The company management factor also includes ESG ratings, which are becoming more granular and informing both long and short books. The ESG signals introduced in 2020 have been additive to performance. “The approach could be summed up as “ESG at a reasonable price” because applying a pure ESG approach to a market neutral strategy can lead to shorting value and being long technology, which is a structural bet with no alpha expectation,” points out Alentorn. Firms with deteriorating ESG scores can become shorts while improving ESG ratings are one input for longs.
The strategy is migrating to disclosures under SFDR 8 and will be excluding sectors including UN Global Compact violators, tobacco and controversial weapons. There is however some asymmetry between exclusions on longs and shorts. “Heavy polluters are excluded from the long book, but there is some economic rationale for shorting them, though we are of course aware of the debate around providing liquidity to such firms,” says Alentorn.
The innovation has been expedited by both longstanding academic relationships and more recent synergies since joining Jupiter. “Sitting on Jupiter’s investment floor gives us access to all asset classes and geographies, from global value to growth, fixed income and emerging markets in what is a collaborative environment,” says Alentorn. GEAR also leverages Jupiter’s considerable data resources, monitoring 40 million data points per day, including accounting and alternative data: “Jupiter’s data science team are very helpful in accessing more complicated datasets such as flows, and earnings transcripts,” he adds.

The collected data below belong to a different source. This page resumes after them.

(* Let $A=kQ/I$ be a toupie algebra over a field $k$ of characteristic zero. If $a>0$, the classes of the elements $y_i$ (for the branches $\alpha^{(i)}$ containing monomial relations), $w_{pq}$ ($p\ne q$, $1\le p,q\le a$), $z_{us}$ ($1\le u\le a$, $\alpha^{(s)}\in{}_0\mathcal{B}_\omega\setminus Z$), $x_j$ ($2\le j\le a$) and $t_k$ ($1\le k\le r$) form a basis of $\mathrm{HH}^1(A)=\ker D_1/\operatorname{Im}D_0$. If $a=0$, let $\alpha^{(B)}$ be the last branch in the numbering; then the classes of all the elements $y_i$ and $t_k$ except the unique one among them having $\alpha^B_0\|\alpha^B_0$ as a summand form a basis of $\mathrm{HH}^1(A)$.
   Context: A finite quiver $Q$ is a toupie quiver if it has a unique source $0$, a unique sink $\omega$, and every other vertex is the source of exactly one arrow and the target of exactly one arrow. Paths are composed left to right. A branch is a path from $0$ to $\omega$; the arrows of a branch $\alpha^{(i)}$ are $\alpha^i_0,\alpha^i_1,\dots$ in order, $\alpha^i_0$ starting at $0$. A toupie algebra is $A=kQ/I$ with $Q$ toupie and $I$ an admissible ideal generated by monomial relations (paths inside one branch) and non-monomial relations (linear combinations of branches). Branches are numbered: $Z=\{\alpha^{(1)},\dots,\alpha^{(a)}\}$ the arrows from $0$ to $\omega$; then the $l$ branches of length $\ge2$ in no relation; then the $m$ branches containing monomial relations; then the $n$ branches involved in non-monomial relations. The non-monomial relations have coefficient matrix in reduced row echelon form, $\rho_i=\alpha^{(k_i)}+\sum_{j>k_i}b_{ij}\alpha^{(j)}$; $R$ is a minimal generating set of $I$ formed by these $\rho_i$ and monomial relations. $E=kQ_0$, $e_x$ trivial path at $x$, $D=\dim e_0Ae_\omega$, ${}_0\mathcal{B}_\omega$ the set of classes of branches containing no monomial relation and different from all $\alpha^{(k_i)}$. $Q_\rho$ is the graph whose vertices are branches of length $\ge2$ containing no monomial relation, with an edge between two of them if some $\rho_i$ involves both; $Q_\rho^1,\dots,Q_\rho^r$ are its connected components. For an arrow $\gamma$ and $h\in e_{s(\gamma)}Ae_{t(\gamma)}$, $\gamma\|h$ is the $E$-bimodule map $kQ_1\to A$ sending $\gamma$ to $h$, other arrows to $0$. $D_0:\mathrm{Hom}_{E^e}(E,A)\to\mathrm{Hom}_{E^e}(kQ_1,A)$, $D_0(e_x\|e_x)=\sum_{t(\gamma)=x}\gamma\|\gamma-\sum_{s(\gamma)=x}\gamma\|\gamma$; $D_1:\mathrm{Hom}_{E^e}(kQ_1,A)\to\mathrm{Hom}_{E^e}(kR,A)$, $D_1(f)(r)=\sum r^{(1)}f(r^{(2)})r^{(3)}$ (sum over factorizations of the paths of $r$ with $r^{(2)}$ an arrow, extended linearly). Elements: $y_i=\alpha^i_0\|\alpha^i_0$; $w_{pq}=\alpha^{(p)}\|\alpha^{(q)}$; $z_{us}=\alpha^{(u)}\|\alpha^{(s)}$; $x_j=\alpha^{(j)}\|\alpha^{(j)}-\alpha^{(1)}\|\alpha^{(1)}$; $t_k=\sum_{\alpha^{(i)}\in Q_\rho^k}\alpha^i_0\|\alpha^i_0$. *)

theory Defs
  imports Main
begin

text \<open>A toupie quiver is encoded by the list ls of branch lengths: branch i
(0-indexed, i < length ls) is a path of length ls!i >= 1 from the source Src
to the sink Snk.  Its arrows are (i,j), j < ls!i, the arrow (i,j) being the
j-th arrow alpha^i_j of the branch.\<close>

datatype vert = Src | Snk | Mid nat nat

text \<open>Paths: trivial paths Triv x, and Pth i j l = alpha^i_j ... alpha^i_(l-1)
(arrows j..l-1 of branch i, j < l).\<close>
datatype path = Triv vert | Pth nat nat nat

type_synonym 'k kq = "path \<Rightarrow> 'k"            \<comment> \<open>elements of kQ, coefficients on paths\<close>
type_synonym 'k hom1 = "nat \<times> nat \<Rightarrow> path \<Rightarrow> 'k"  \<comment> \<open>maps kQ_1 -> kQ, arrow-wise\<close>

definition vtx :: "nat list \<Rightarrow> nat \<Rightarrow> nat \<Rightarrow> vert" where
  "vtx ls i j = (if j = 0 then Src else if j = ls ! i then Snk else Mid i j)"

definition verts :: "nat list \<Rightarrow> vert set" where
  "verts ls = {Src, Snk} \<union> {Mid i j | i j. i < length ls \<and> 0 < j \<and> j < ls ! i}"

definition arrows :: "nat list \<Rightarrow> (nat \<times> nat) set" where
  "arrows ls = {(i, j). i < length ls \<and> j < ls ! i}"

fun asrc :: "nat list \<Rightarrow> nat \<times> nat \<Rightarrow> vert" where
  "asrc ls (i, j) = vtx ls i j"

fun atgt :: "nat list \<Rightarrow> nat \<times> nat \<Rightarrow> vert" where
  "atgt ls (i, j) = vtx ls i (Suc j)"

fun arrp :: "nat \<times> nat \<Rightarrow> path" where
  "arrp (i, j) = Pth i j (Suc j)"

definition paths :: "nat list \<Rightarrow> path set" where
  "paths ls = Triv ` verts ls \<union> {Pth i j l | i j l. i < length ls \<and> j < l \<and> l \<le> ls ! i}"

fun psrc :: "nat list \<Rightarrow> path \<Rightarrow> vert" where
  "psrc ls (Triv x) = x"
| "psrc ls (Pth i j l) = vtx ls i j"

fun ptgt :: "nat list \<Rightarrow> path \<Rightarrow> vert" where
  "ptgt ls (Triv x) = x"
| "ptgt ls (Pth i j l) = vtx ls i l"

text \<open>Concatenation of paths (left to right composition).\<close>
fun pcat :: "nat list \<Rightarrow> path \<Rightarrow> path \<Rightarrow> path option" where
  "pcat ls (Triv x) q = (if psrc ls q = x then Some q else None)"
| "pcat ls (Pth i j l) (Triv y) = (if vtx ls i l = y then Some (Pth i j l) else None)"
| "pcat ls (Pth i j l) (Pth i' j' l') = (if i = i' \<and> l = j' then Some (Pth i j l') else None)"

definition delta :: "path \<Rightarrow> 'k::field kq" where
  "delta p = (\<lambda>q. if q = p then 1 else 0)"

definition mul :: "nat list \<Rightarrow> 'k::field kq \<Rightarrow> 'k kq \<Rightarrow> 'k kq" where
  "mul ls u v = (\<lambda>p. \<Sum>qq \<in> {(q1, q2). q1 \<in> paths ls \<and> q2 \<in> paths ls \<and> pcat ls q1 q2 = Some p}.
                        u (fst qq) * v (snd qq))"

definition in_eAe :: "nat list \<Rightarrow> vert \<Rightarrow> vert \<Rightarrow> 'k::field kq \<Rightarrow> bool" where
  "in_eAe ls x y u = (\<forall>p. u p \<noteq> 0 \<longrightarrow> p \<in> paths ls \<and> psrc ls p = x \<and> ptgt ls p = y)"

definition inI :: "nat list \<Rightarrow> 'k::field kq set \<Rightarrow> 'k kq \<Rightarrow> bool" where
  "inI ls R u = (\<exists>c. u = (\<lambda>q. \<Sum>t \<in> paths ls \<times> R \<times> paths ls.
        c t * mul ls (mul ls (delta (fst t)) (fst (snd t))) (delta (snd (snd t))) q))"

text \<open>Hom_{E^e}(kQ_1, A), with values represented in kQ (modulo I).\<close>
definition hom1 :: "nat list \<Rightarrow> 'k::field hom1 \<Rightarrow> bool" where
  "hom1 ls f = (\<forall>\<gamma>. (\<gamma> \<in> arrows ls \<longrightarrow> in_eAe ls (asrc ls \<gamma>) (atgt ls \<gamma>) (f \<gamma>))
                   \<and> (\<gamma> \<notin> arrows ls \<longrightarrow> f \<gamma> = (\<lambda>_. 0)))"

definition hom0 :: "nat list \<Rightarrow> (vert \<Rightarrow> 'k::field kq) \<Rightarrow> bool" where
  "hom0 ls g = (\<forall>x. (x \<in> verts ls \<longrightarrow> in_eAe ls x x (g x)) \<and> (x \<notin> verts ls \<longrightarrow> g x = (\<lambda>_. 0)))"

text \<open>D_0, the linear extension of
  D_0(e_x||e_x) = sum_{t(gamma)=x} gamma||gamma - sum_{s(gamma)=x} gamma||gamma.\<close>
definition D0 :: "nat list \<Rightarrow> (vert \<Rightarrow> 'k::field kq) \<Rightarrow> 'k hom1" where
  "D0 ls g = (\<lambda>\<gamma>. if \<gamma> \<in> arrows ls
      then (\<lambda>p. mul ls (delta (arrp \<gamma>)) (g (atgt ls \<gamma>)) p - mul ls (g (asrc ls \<gamma>)) (delta (arrp \<gamma>)) p)
      else (\<lambda>_. 0))"

definition sp :: "nat list \<Rightarrow> nat \<Rightarrow> nat \<Rightarrow> nat \<Rightarrow> path" where
  "sp ls i j h = (if j = h then Triv (vtx ls i j) else Pth i j h)"

fun D1p :: "nat list \<Rightarrow> 'k::field hom1 \<Rightarrow> path \<Rightarrow> 'k kq" where
  "D1p ls f (Triv x) = (\<lambda>_. 0)"
| "D1p ls f (Pth i j l) = (\<lambda>q. \<Sum>h \<in> {j..<l}.
      mul ls (mul ls (delta (sp ls i j h)) (f (i, h))) (delta (sp ls i (Suc h) l)) q)"

text \<open>D_1(f)(r) = sum r^(1) f(r^(2)) r^(3), extended linearly.\<close>
definition D1 :: "nat list \<Rightarrow> 'k::field hom1 \<Rightarrow> 'k kq \<Rightarrow> 'k kq" where
  "D1 ls f r = (\<lambda>q. \<Sum>p \<in> paths ls. r p * D1p ls f p q)"

definition kerD1 :: "nat list \<Rightarrow> 'k::field kq set \<Rightarrow> 'k hom1 \<Rightarrow> bool" where
  "kerD1 ls R f = (hom1 ls f \<and> (\<forall>r \<in> R. inI ls R (D1 ls f r)))"

text \<open>Equality in Hom_{E^e}(kQ_1, A) = Hom_{E^e}(kQ_1, kQ/I).\<close>
definition equivA :: "nat list \<Rightarrow> 'k::field kq set \<Rightarrow> 'k hom1 \<Rightarrow> 'k hom1 \<Rightarrow> bool" where
  "equivA ls R f g = (\<forall>\<gamma> \<in> arrows ls. inI ls R (\<lambda>p. f \<gamma> p - g \<gamma> p))"

definition lincomb :: "'i set \<Rightarrow> ('i \<Rightarrow> 'k::field) \<Rightarrow> ('i \<Rightarrow> 'k hom1) \<Rightarrow> 'k hom1" where
  "lincomb S c v = (\<lambda>\<gamma> p. \<Sum>j \<in> S. c j * v j \<gamma> p)"

definition classes_basis :: "nat list \<Rightarrow> 'k::field kq set \<Rightarrow> 'i set \<Rightarrow> ('i \<Rightarrow> 'k hom1) \<Rightarrow> bool" where
  "classes_basis ls R S v =
     (finite S \<and> (\<forall>j \<in> S. kerD1 ls R (v j))
      \<and> (\<forall>c g. hom0 ls g \<and> equivA ls R (lincomb S c v) (D0 ls g) \<longrightarrow> (\<forall>j \<in> S. c j = 0))
      \<and> (\<forall>f. kerD1 ls R f \<longrightarrow>
             (\<exists>c g. hom0 ls g \<and> equivA ls R f (\<lambda>\<gamma> p. lincomb S c v \<gamma> p + D0 ls g \<gamma> p))))"

text \<open>Monomial relations: Mon is a set of triples (i,j,l) standing for Pth i j l.
Non-monomial relations rho_s (s < nr): rho_s = sum_i b s i * (branch i).\<close>

definition has_mon :: "(nat \<times> nat \<times> nat) set \<Rightarrow> nat \<Rightarrow> bool" where
  "has_mon Mon i = (\<exists>j l. (i, j, l) \<in> Mon)"

definition branch :: "nat list \<Rightarrow> nat \<Rightarrow> 'k::field kq" where
  "branch ls i = delta (Pth i 0 (ls ! i))"

definition rho :: "nat list \<Rightarrow> (nat \<Rightarrow> nat \<Rightarrow> 'k::field) \<Rightarrow> nat \<Rightarrow> 'k kq" where
  "rho ls b s = (\<lambda>q. \<Sum>i < length ls. b s i * branch ls i q)"

definition rels :: "nat list \<Rightarrow> (nat \<times> nat \<times> nat) set \<Rightarrow> nat \<Rightarrow> (nat \<Rightarrow> nat \<Rightarrow> 'k::field) \<Rightarrow> 'k kq set" where
  "rels ls Mon nr b = (\<lambda>(i, j, l). delta (Pth i j l)) ` Mon \<union> rho ls b ` {..<nr}"

text \<open>The standing conventions: branches 0..a-1 are the arrows 0 -> omega,
a..a+l-1 the branches of length >= 2 in no relation, a+l..a+l+m-1 those
containing monomial relations, a+l+m..a+l+m+n-1 those involved in
non-monomial relations; the coefficient matrix b is in reduced row echelon
form with pivot columns kp s; the relations form a minimal generating set.\<close>
definition toupie_pres :: "nat list \<Rightarrow> (nat \<times> nat \<times> nat) set \<Rightarrow> nat \<Rightarrow> (nat \<Rightarrow> nat \<Rightarrow> 'k::field)
     \<Rightarrow> (nat \<Rightarrow> nat) \<Rightarrow> nat \<Rightarrow> nat \<Rightarrow> nat \<Rightarrow> nat \<Rightarrow> bool" where
  "toupie_pres ls Mon nr b kp a l m n =
    (a + l + m + n = length ls \<and> 0 < length ls
     \<and> (\<forall>i < a. ls ! i = 1)
     \<and> (\<forall>i. a \<le> i \<and> i < length ls \<longrightarrow> 2 \<le> ls ! i)
     \<and> (\<forall>i j l'. (i, j, l') \<in> Mon \<longrightarrow> a + l \<le> i \<and> i < a + l + m \<and> j + 2 \<le> l' \<and> l' \<le> ls ! i)
     \<and> (\<forall>i. a + l \<le> i \<and> i < a + l + m \<longrightarrow> has_mon Mon i)
     \<and> (\<forall>s < nr. \<forall>i. i < a + l + m \<or> length ls \<le> i \<longrightarrow> b s i = 0)
     \<and> (\<forall>i. a + l + m \<le> i \<and> i < length ls \<longrightarrow> (\<exists>s < nr. b s i \<noteq> 0))
     \<and> (\<forall>s < nr. \<exists>i. i \<noteq> kp s \<and> b s i \<noteq> 0)
     \<and> (\<forall>s < nr. b s (kp s) = 1 \<and> (\<forall>i < kp s. b s i = 0))
     \<and> (\<forall>s s'. s < s' \<and> s' < nr \<longrightarrow> kp s < kp s')
     \<and> (\<forall>s < nr. \<forall>s' < nr. s' \<noteq> s \<longrightarrow> b s' (kp s) = 0)
     \<and> (\<forall>R'. R' \<subset> rels ls Mon nr b \<longrightarrow> (\<exists>u. inI ls (rels ls Mon nr b) u \<and> \<not> inI ls R' u)))"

Academic advisors at Cambridge University, Cass Business School, Imperial College, London School of Economics and King’s College London are mainly retained on an exclusive basis and some of these relationships date back 18 years to the start of the GEAR strategy. “They inform the team’s conceptual understanding of how markets and academic thinking are evolving in areas such as liquidity and transaction costs,” says Alentorn.
One of the recent additions to the team of external academics, a Professor of Econophysics at King’s College, Dr. Tiziana Di Matteo, now works very closely with the team. “She uses techniques from physics to help understand how markets behave in areas such as clustering and co-movement,” says Alentorn. Meanwhile, Jupiter is also nurturing the next generation by sponsoring and supervising two full time PhDs.

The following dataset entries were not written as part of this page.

(* Let $a, c \in \mathbb{N}$ and $b, d \in \mathbb{Z}$. (i) Suppose $a\neq c$. Then $\chi(G_{a,b,c,d}) \le \left\lceil \frac{\log \alpha\beta}{\log\alpha}\right\rceil$ for any real numbers $1<\alpha<\beta$ satisfying $R_{a,b,c,d}\subseteq (\beta^{-1},\alpha^{-1})\cup(\alpha,\beta)$. (ii) Suppose $a=c$. If there exists a prime $p$ with $v_p(a)>\max\{v_p(b),v_p(d)\}$ and $v_p(b)=v_p(d)$, then $\chi(G_{a,b,c,d})\le p^{v_p(b-d)}(p-1)$. (iii) Suppose $a=c$. If there exists a prime $p$ with $v_p(a)>\max\{v_p(b),v_p(d)\}$ and $v_p(b)\neq v_p(d)$, then $\chi(G_{a,b,c,d})=2$.
   Context: $\mathbb{N}=\{1,2,\dots\}$. For $a,c\in\mathbb{N}$, $b,d\in\mathbb{Z}$, $R_{a,b,c,d} := \left\{ \frac{an+b}{cn+d} : n \in \mathbb{N} \right\} \cap (\mathbb{Q}_{>0}\setminus\{1\})$. For non-empty $R\subseteq\mathbb{Q}_{>0}\setminus\{1\}$, $G(R)$ is the graph with vertex set $\mathbb{N}$ and edge set $\{\{m,n\}: m/n\in R\}$; $G_{a,b,c,d}:=G(R_{a,b,c,d})$. $\chi$ denotes chromatic number, $v_p$ the $p$-adic valuation (with $v_p(0)=\infty$). *)

theory Defs
  imports "HOL-Analysis.Analysis" "HOL-Computational_Algebra.Computational_Algebra" "HOL-Library.Extended_Nat"
begin

text \<open>The set R_{a,b,c,d} (as a set of rationals); vertices are the positive naturals.
  If c n + d = 0 the quotient is 0 in Isabelle and is thus excluded by the intersection.\<close>
definition Rset :: "nat \<Rightarrow> int \<Rightarrow> nat \<Rightarrow> int \<Rightarrow> rat set" where
  "Rset a b c d =
     {of_int (int a * int n + b) / of_int (int c * int n + d) | n. n \<ge> 1}
     \<inter> {q. q > 0 \<and> q \<noteq> 1}"

definition adjG :: "rat set \<Rightarrow> nat \<Rightarrow> nat \<Rightarrow> bool" where
  "adjG R m n \<longleftrightarrow> m \<ge> 1 \<and> n \<ge> 1 \<and> (of_nat m / of_nat n \<in> R \<or> of_nat n / of_nat m \<in> R)"

definition colorable :: "rat set \<Rightarrow> nat \<Rightarrow> bool" where
  "colorable R k \<longleftrightarrow> (\<exists>f :: nat \<Rightarrow> nat. (\<forall>n\<ge>1. f n < k) \<and>
      (\<forall>m n. adjG R m n \<longrightarrow> f m \<noteq> f n))"

text \<open>Chromatic number, infinite if no finite colouring exists.\<close>
definition chi :: "rat set \<Rightarrow> enat" where
  "chi R = Inf {enat k | k. colorable R k}"

definition vp :: "nat \<Rightarrow> int \<Rightarrow> enat" where
  "vp p x = (if x = 0 then \<infinity> else enat (multiplicity (int p) x))"

end

theory Submission
  imports Defs "HOL-Number_Theory.Totient"
begin

text \<open>
  (i) Colour \<open>n\<close> by \<open>\<lfloor>log\<^sub>\<alpha> n\<rfloor> mod k\<close> with \<open>k = \<lceil>log\<^sub>\<alpha> (\<alpha>\<beta>)\<rceil>\<close>: a ratio in
  \<open>(\<alpha>, \<beta>)\<close> raises the integer part of \<open>log\<^sub>\<alpha>\<close> by at least \<open>1\<close> and at most \<open>k - 1\<close>.

  (ii), (iii) An edge is \<open>m (a k + d) = n (a k + b)\<close>, and \<open>v\<^sub>p(a) > v\<^sub>p(b), v\<^sub>p(d)\<close> gives
  \<open>v\<^sub>p(a k + b) = v\<^sub>p(b)\<close>, \<open>v\<^sub>p(a k + d) = v\<^sub>p(d)\<close>, hence \<open>v\<^sub>p(m) - v\<^sub>p(n) = v\<^sub>p(b) - v\<^sub>p(d)\<close>.
  If this difference \<open>\<delta>\<close> is nonzero, the parity of \<open>\<lfloor>v\<^sub>p(n) / |\<delta>|\<rfloor>\<close> is a proper
  2-colouring. If it is zero, \<open>m (b - d) = (m - n)(a k + b)\<close> shows that
  \<open>v\<^sub>p(m - n) = v\<^sub>p(m) + v\<^sub>p(b - d) - v\<^sub>p(b)\<close>, so the \<open>p\<close>-free parts of adjacent \<open>m\<close>
  and \<open>n\<close> differ modulo \<open>p\<^sup>f\<^sup>+\<^sup>1\<close>, \<open>f = v\<^sub>p(b - d) - v\<^sub>p(b)\<close>; these residues are
  units, and there are \<open>\<phi>(p\<^sup>f\<^sup>+\<^sup>1) = p\<^sup>f (p - 1)\<close> of them.
\<close>

lemma chi_le_if_colorable: "colorable R k \<Longrightarrow> chi R \<le> enat k"
  unfolding chi_def by (auto intro: Inf_lower)

lemma colorableI_ratio:
  assumes "\<And>n. n \<ge> 1 \<Longrightarrow> f n < k"
    and "\<And>m n. m \<ge> 1 \<Longrightarrow> n \<ge> 1 \<Longrightarrow> of_nat m / of_nat n \<in> R \<Longrightarrow> f m \<noteq> f n"
  shows "colorable R k"
  unfolding colorable_def adjG_def using assms by metis

lemma colorableI_palette:
  assumes "finite S" "card S \<le> k" "\<And>n. n \<ge> 1 \<Longrightarrow> f n \<in> S"
    and "\<And>m n. m \<ge> 1 \<Longrightarrow> n \<ge> 1 \<Longrightarrow> of_nat m / of_nat n \<in> R \<Longrightarrow> f m \<noteq> f n"
  shows "colorable R k"
proof -
  obtain h :: "'a \<Rightarrow> nat" and N where h: "h ` S = {i. i < N}" "inj_on h S"
    using finite_imp_inj_to_nat_seg[OF assms(1)] by blast
  have "N = card S"
    using card_image[OF h(2)] h(1) by simp
  show ?thesis
  proof (rule colorableI_ratio[of "h \<circ> f"])
    show "(h \<circ> f) n < k" if "n \<ge> 1" for n
    proof -
      have "h (f n) \<in> {i. i < N}"
        using assms(3)[OF that] h(1) by blast
      then show ?thesis
        using assms(2) \<open>N = card S\<close> by simp
    qed
    show "(h \<circ> f) m \<noteq> (h \<circ> f) n" if "m \<ge> 1" "n \<ge> 1" "of_nat m / of_nat n \<in> R" for m n
      using assms(3)[OF that(1)] assms(3)[OF that(2)] assms(4)[OF that] inj_onD[OF h(2)] by auto
  qed
qed

lemma colorable_ge_2_if_adjG:
  assumes "adjG R m n" "colorable R k"
  shows "2 \<le> k"
proof -
  obtain f :: "nat \<Rightarrow> nat" where "\<forall>n\<ge>1. f n < k" "\<forall>m n. adjG R m n \<longrightarrow> f m \<noteq> f n"
    using assms(2) unfolding colorable_def by blast
  moreover have "m \<ge> 1" "n \<ge> 1"
    using assms(1) unfolding adjG_def by auto
  ultimately have "f m < k" "f n < k" "f m \<noteq> f n"
    using assms(1) by auto
  then show ?thesis by presburger
qed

GEAR’s former head of Systematic Equities, Ian Heslop, retains input on a panel of senior advisers, distinct from the academic advisors.
Nearly all the investment universe has some sell side analyst coverage, though a few smaller and less liquid names might not do. However, many small and microcaps are ruled out by liquidity criteria, because the portfolio trades about 2% of its holdings per day and holds positions for an average of 3 months.
Assets are currently USD 6 billion of which USD 4.5 billion is long only, grouped into geographic mandates for historical reasons, and USD 1.5 billion is in the global market neutral strategy. There is plenty of scalability: peak assets were USD 16 billion, and Alentorn does not believe that assets grew beyond optimal capacity.
Investors should watch this space for some innovative launches, as the strategy’s alpha engines should soon be applied into a roll out of thematic long only funds.